↓↓↓

lemma coboundary_card_multiple:
  assumes "cocycle L (carrier \<Gamma>) f"
  shows "coboundary L (carrier \<Gamma>) (\<lambda>g k. int (card (carrier \<Gamma>)) * f g k)"
proof -
  have fL: "\<And>g. g \<in> carrier \<Gamma> \<Longrightarrow> f g \<in> L"
    and f_comp: "\<And>g h. g \<in> carrier \<Gamma> \<Longrightarrow> h \<in> carrier \<Gamma> \<Longrightarrow> f (g \<otimes> h) = (\<lambda>k. f g k + g (f h) k)"
    using assms unfolding cocycle_def mult_eq_comp by auto
  define w where "w = (\<lambda>k. - (\<Sum>g\<in>carrier \<Gamma>. f g k))"
  have "(\<lambda>k. int (card (carrier \<Gamma>)) * f h k) = (\<lambda>k. h w k - w k)" if h: "h \<in> carrier \<Gamma>" for h
  proof -
    have "(\<Sum>g\<in>carrier \<Gamma>. h (f g) k)
        = (\<Sum>g\<in>carrier \<Gamma>. f g k) - int (card (carrier \<Gamma>)) * f h k" for k
    proof -
      have "(\<Sum>g\<in>carrier \<Gamma>. h (f g) k) = (\<Sum>g\<in>carrier \<Gamma>. f (h \<otimes> g) k - f h k)"
        using h f_comp by (intro sum.cong) auto
      also have "\<dots> = (\<Sum>g\<in>carrier \<Gamma>. f g k) - int (card (carrier \<Gamma>)) * f h k"
        using sum.reindex[OF inj_on_cmult[OF h], of "\<lambda>g. f g k"] surj_const_mult[OF h]
        by (simp add: sum_subtractf)
      finally show ?thesis .
    qed
    then have "h (\<lambda>k. \<Sum>g\<in>carrier \<Gamma>. f g k)
        = (\<lambda>k. (\<Sum>g\<in>carrier \<Gamma>. f g k) - int (card (carrier \<Gamma>)) * f h k)"
      using h by (simp add: action_sum)
    then show ?thesis
      unfolding w_def using action_lincomb[OF h, of "-1" _ 0] by simp
  qed
  moreover have "w \<in> L" unfolding w_def
    using sum_in_L[of "carrier \<Gamma>" f] fL lincomb_in_L[of _ _ "-1" 0] by simp
  ultimately show ?thesis unfolding coboundary_def by blast
qed

lemma stabilizer_coboundary_transfer:
  assumes act: "group_action \<Gamma> X \<phi>" and c: "c \<in> X" and f: "cocycle L (carrier \<Gamma>) f"
    and m: "\<And>s. s \<in> stabilizer \<Gamma> \<phi> c \<Longrightarrow> f s = (\<lambda>k. s m k - m k)"
    and g: "g \<in> carrier \<Gamma>" "g' \<in> carrier \<Gamma>" and same_point: "\<phi> g c = \<phi> g' c"
  shows "(\<lambda>k. g m k - f g k) = (\<lambda>k. g' m k - f g' k)"
proof -
  interpret group_action \<Gamma> X \<phi> by (rule act)
  define s where "s = inv g' \<otimes> g"
  have s_carrier: "s \<in> carrier \<Gamma>" unfolding s_def using g by simp
  have "\<phi> s c = \<phi> (inv g') (\<phi> g' c)"
    unfolding s_def using composition_rule[OF c] g same_point by simp
  also have "\<dots> = c" using orbit_sym_aux[OF g(2) c refl] .
  finally have "s \<in> stabilizer \<Gamma> \<phi> c" unfolding stabilizer_def using s_carrier by simp
  then have fs: "f s = (\<lambda>k. s m k - m k)" by (rule m)
  have gs: "g = g' \<otimes> s" unfolding s_def using g by (simp add: m_assoc[symmetric])
  have "f g = (\<lambda>k. f g' k + g' (f s) k)"
    using f g s_carrier gs unfolding cocycle_def by (simp add: mult_eq_comp)
  also have "g' (f s) = (\<lambda>k. g m k - g' m k)"
    unfolding fs action_diff[OF g(2)] using gs by (simp add: mult_eq_comp)
  finally show ?thesis by auto
qed

(* Corestriction after restriction to the stabiliser: the point \<phi> g c of the orbit carries
   g m - f g, which by the previous lemma does not depend on the choice of g. *)
lemma coboundary_orbit_multiple:
  assumes act: "group_action \<Gamma> X \<phi>" and c: "c \<in> X"
    and f: "cocycle L (carrier \<Gamma>) f" and stab: "coboundary L (stabilizer \<Gamma> \<phi> c) f"
  shows "coboundary L (carrier \<Gamma>) (\<lambda>g k. int (card (orbit \<Gamma> \<phi> c)) * f g k)"
proof -
  interpret group_action \<Gamma> X \<phi> by (rule act)
  let ?O = "orbit \<Gamma> \<phi> c"
  have fL: "\<And>g. g \<in> carrier \<Gamma> \<Longrightarrow> f g \<in> L"
    and f_comp: "\<And>g h. g \<in> carrier \<Gamma> \<Longrightarrow> h \<in> carrier \<Gamma> \<Longrightarrow> f (g \<otimes> h) = (\<lambda>k. f g k + g (f h) k)"
    using f unfolding cocycle_def mult_eq_comp by auto
  obtain m where "m \<in> L" and m: "\<And>s. s \<in> stabilizer \<Gamma> \<phi> c \<Longrightarrow> f s = (\<lambda>k. s m k - m k)"
    using stab unfolding coboundary_def by blast
  define rep where "rep y = (SOME g. g \<in> carrier \<Gamma> \<and> \<phi> g c = y)" for y
  define M where "M y = (\<lambda>k. rep y m k - f (rep y) k)" for y
  have M: "M (\<phi> g c) = (\<lambda>k. g m k - f g k)" if g: "g \<in> carrier \<Gamma>" for g
  proof -
    have "rep (\<phi> g c) \<in> carrier \<Gamma> \<and> \<phi> (rep (\<phi> g c)) c = \<phi> g c"
      unfolding rep_def using someI[of "\<lambda>g'. g' \<in> carrier \<Gamma> \<and> \<phi> g' c = \<phi> g c" g] g by auto
    then show ?thesis
      unfolding M_def using stabilizer_coboundary_transfer[OF act c f m] g by metis
  qed
  have M_L: "M y \<in> L" if "y \<in> ?O" for y
    using that M fL action_in_L[OF _ \<open>m \<in> L\<close>] diff_in_L unfolding orbit_def by auto
  have M_action: "h (M y) = (\<lambda>k. M (\<phi> h y) k + f h k)" if h: "h \<in> carrier \<Gamma>" and y: "y \<in> ?O" for h y
  proof -
    obtain g where g: "g \<in> carrier \<Gamma>" and y_def: "y = \<phi> g c" using y unfolding orbit_def by blast
    have "M (\<phi> h y) = M (\<phi> (h \<otimes> g) c)" unfolding y_def using composition_rule[OF c h g] by simp
    also have "\<dots> = (\<lambda>k. h (g m) k - f h k - h (f g) k)"
      using M[OF m_closed[OF h g]] f_comp[OF h g] by (simp add: mult_eq_comp algebra_simps)
    finally show ?thesis unfolding y_def M[OF g] action_diff[OF h] by simp
  qed
  define Z where "Z = (\<lambda>k. \<Sum>y\<in>?O. M y k)"
  have "(\<lambda>k. int (card ?O) * f h k) = (\<lambda>k. h Z k - Z k)" if h: "h \<in> carrier \<Gamma>" for h
  proof -
    have "inj_on (\<phi> h) ?O"
      by (rule inj_on_subset[OF inj_prop[OF h]]) (auto simp: orbit_def intro: element_image[OF _ c])
    then have "(\<Sum>y\<in>?O. M (\<phi> h y) k) = Z k" for k
      unfolding Z_def using sum.reindex[of "\<phi> h" ?O "\<lambda>y. M y k"] image_orbit[OF h c] by simp
    then have "h Z = (\<lambda>k. Z k + int (card ?O) * f h k)"
      unfolding Z_def using h M_action by (simp add: action_sum sum.distrib)
    then show ?thesis by simp
  qed
  moreover have "Z \<in> L" unfolding Z_def using M_L by (rule sum_in_L)
  ultimately show ?thesis unfolding coboundary_def by blast
qed

lemma cocycle_conj:
  assumes x: "x \<in> carrier \<Gamma>" and K: "K \<subseteq> carrier \<Gamma>" and f: "cocycle L (x <# K #> inv x) f"
  shows "cocycle L K (\<lambda>q. (inv x) (f (x \<otimes> q \<otimes> inv x)))"
  unfolding cocycle_def
proof (intro conjI ballI)
  let ?c = "\<lambda>q. x \<otimes> q \<otimes> inv x"
  have conj_mem: "?c q \<in> x <# K #> inv x" if "q \<in> K" for q
    using that unfolding l_coset_def r_coset_def by auto
  have cancel: "inv x \<otimes> (x \<otimes> y) = y" if "y \<in> carrier \<Gamma>" for y
    using that x by (simp add: m_assoc[symmetric])
  show "(inv x) (f (?c q)) \<in> L" if "q \<in> K" for q
    using f conj_mem[OF that] x action_in_L unfolding cocycle_def by auto
  fix q1 q2 assume q: "q1 \<in> K" "q2 \<in> K"
  then have q_carrier: "q1 \<in> carrier \<Gamma>" "q2 \<in> carrier \<Gamma>" using K by auto
  have "?c (q1 \<otimes> q2) = ?c q1 \<otimes> ?c q2"
    using q_carrier x by (simp add: m_assoc cancel)
  then have c_comp: "?c (q1 \<circ> q2) = ?c q1 \<circ> ?c q2" by (simp add: mult_eq_comp)
  have "inv x \<otimes> ?c q1 = q1 \<otimes> inv x"
    using q_carrier x by (simp add: m_assoc cancel)
  then have "(inv x) (?c q1 (f (?c q2))) = q1 ((inv x) (f (?c q2)))"
    unfolding mult_eq_comp by (metis comp_apply)
  moreover have "f (?c q1 \<circ> ?c q2) = (\<lambda>k. f (?c q1) k + ?c q1 (f (?c q2)) k)"
    using f conj_mem q unfolding cocycle_def by blast
  ultimately show "(inv x) (f (?c (q1 \<circ> q2)))
      = (\<lambda>k. (inv x) (f (?c q1)) k + q1 ((inv x) (f (?c q2))) k)"
    unfolding c_comp using action_lincomb[of "inv x" 1 _ 1] x by simp
qed

lemma H1_trivial_conj:
  assumes x: "x \<in> carrier \<Gamma>" and K: "K \<subseteq> carrier \<Gamma>" and H1: "H1_trivial L K"
  shows "H1_trivial L (x <# K #> inv x)"
  unfolding H1_trivial_def
proof (intro allI impI)
  fix f assume f: "cocycle L (x <# K #> inv x) f"
  obtain m where "m \<in> L"
    and m: "\<And>q. q \<in> K \<Longrightarrow> (inv x) (f (x \<otimes> q \<otimes> inv x)) = (\<lambda>k. q m k - m k)"
    using H1 cocycle_conj[OF x K f] unfolding H1_trivial_def coboundary_def by blast
  have "f h = (\<lambda>k. h (x m) k - x m k)" if h: "h \<in> x <# K #> inv x" for h
  proof -
    obtain q where q: "q \<in> K" and h_def: "h = x \<otimes> q \<otimes> inv x"
      using h unfolding l_coset_def r_coset_def by auto
    have "f h \<in> L" using f h unfolding cocycle_def by blast
    moreover have "x ((inv x) v) = \<one> v" for v
      using r_inv[OF x] unfolding mult_eq_comp by (metis comp_apply)
    ultimately have "f h = x ((inv x) (f h))" using one_on_L by simp
    also have "\<dots> = (\<lambda>k. x (q m) k - x m k)" using m[OF q] x h_def by (simp add: action_diff)
    also have "x \<otimes> q = h \<otimes> x"
      unfolding h_def using x q K by (auto simp: m_assoc)
    then have "x (q m) = h (x m)"
      unfolding mult_eq_comp by (metis comp_apply)
    finally show ?thesis .
  qed
  then show "coboundary L (x <# K #> inv x) f"
    unfolding coboundary_def using action_in_L[OF x \<open>m \<in> L\<close>] by blast
qed

lemma H1_trivial_if_odd_index:
  assumes fin: "finite (carrier \<Gamma>)" and P: "subgroup P \<Gamma>"
    and odd_index: "odd (card (lcosets P))"
    and H1_P: "\<And>Q. subgroup Q \<Gamma> \<Longrightarrow> Q \<subseteq> P \<Longrightarrow> H1_trivial L Q"
    and H: "subgroup H \<Gamma>"
    and two_torsion: "\<And>f. cocycle L H f \<Longrightarrow> coboundary L H (\<lambda>g k. 2 * f g k)"
  shows "H1_trivial L H"
  unfolding H1_trivial_def
proof (intro allI impI)
  fix f assume f: "cocycle L H f"
  let ?\<phi> = "lcoset_action \<Gamma> P"
  let ?\<Gamma>H = "\<Gamma>\<lparr>carrier := H\<rparr>"
  obtain x where x: "x \<in> carrier \<Gamma>" and odd_orbit: "odd (card (orbit ?\<Gamma>H ?\<phi> (x <# P)))"
    using odd_orbit_on_lcosets[OF fin P H odd_index] by blast
  let ?S = "stabilizer ?\<Gamma>H ?\<phi> (x <# P)"
  have act: "group_action ?\<Gamma>H (lcosets P) ?\<phi>"
    using group_action.induced_action[OF group_action_lcoset_action[OF P] H] .
  interpret \<Gamma>H: pic_action ?\<Gamma>H L using subgroup_pic_action[OF H] .
  have xP: "x <# P \<in> lcosets P" using x unfolding LCOSETS_def by auto
  have S: "subgroup ?S \<Gamma>"
    using incl_subgroup[OF H group_action.stabilizer_subgroup[OF act xP]] .
  have "subgroup (inv x <# ?S #> x) \<Gamma>" using subgroup_conjugation_is_surj1[OF x S] .
  moreover have "inv x <# ?S #> x \<subseteq> P" using conj_stabilizer_lcoset_subset[OF P H x] .
  ultimately have "H1_trivial L (x <# (inv x <# ?S #> x) #> inv x)"
    using H1_trivial_conj[OF x] H1_P subgroup.subset by blast
  then have "H1_trivial L ?S"
    using subgroup_conjugation_is_surj0[OF x subgroup.subset[OF S]] by simp
  moreover have "cocycle L ?S f"
    using cocycle_subset[OF f] group_action.stabilizer_subset[OF act] by simp
  ultimately have "coboundary L ?S f" unfolding H1_trivial_def by blast
  then have odd_multiple:
      "coboundary L H (\<lambda>g k. int (card (orbit ?\<Gamma>H ?\<phi> (x <# P))) * f g k)"
    using \<Gamma>H.coboundary_orbit_multiple[OF act xP] f by simp
  have "coprime (int (card (orbit ?\<Gamma>H ?\<phi> (x <# P)))) 2" using odd_orbit by simp
  from \<Gamma>H.coboundary_of_coprime_multiples[OF _ this odd_multiple two_torsion[OF f]]
  show "coboundary L H f" by simp
qed

end

section \<open>The Weyl group W(D_n) acting on Pic\<close>

(* Coordinates are addressed as 0, 1 and j + 2; keep the simplifier from rewriting them to Suc. *)
declare One_nat_def [simp del] add_2_eq_Suc [simp del] add_2_eq_Suc' [simp del]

↑↑↑

§ Task objective: Once the line with "using subgroup_conjugation_is_surj0[OF x" is located in the data above, repeat it and every later line through the end, exactly.

§ Completed task:
    using subgroup_conjugation_is_surj0[OF x subgroup.subset[OF S]] by simp
  moreover have "cocycle L ?S f"
    using cocycle_subset[OF f] group_action.stabilizer_subset[OF act] by simp
  ultimately have "coboundary L ?S f" unfolding H1_trivial_def by blast
  then have odd_multiple:
      "coboundary L H (\<lambda>g k. int (card (orbit ?\<Gamma>H ?\<phi> (x <# P))) * f g k)"
    using \<Gamma>H.coboundary_orbit_multiple[OF act xP] f by simp
  have "coprime (int (card (orbit ?\<Gamma>H ?\<phi> (x <# P)))) 2" using odd_orbit by simp
  from \<Gamma>H.coboundary_of_coprime_multiples[OF _ this odd_multiple two_torsion[OF f]]
  show "coboundary L H f" by simp
qed

end

section \<open>The Weyl group W(D_n) acting on Pic\<close>

(* Coordinates are addressed as 0, 1 and j + 2; keep the simplifier from rewriting them to Suc. *)
declare One_nat_def [simp del] add_2_eq_Suc [simp del] add_2_eq_Suc' [simp del]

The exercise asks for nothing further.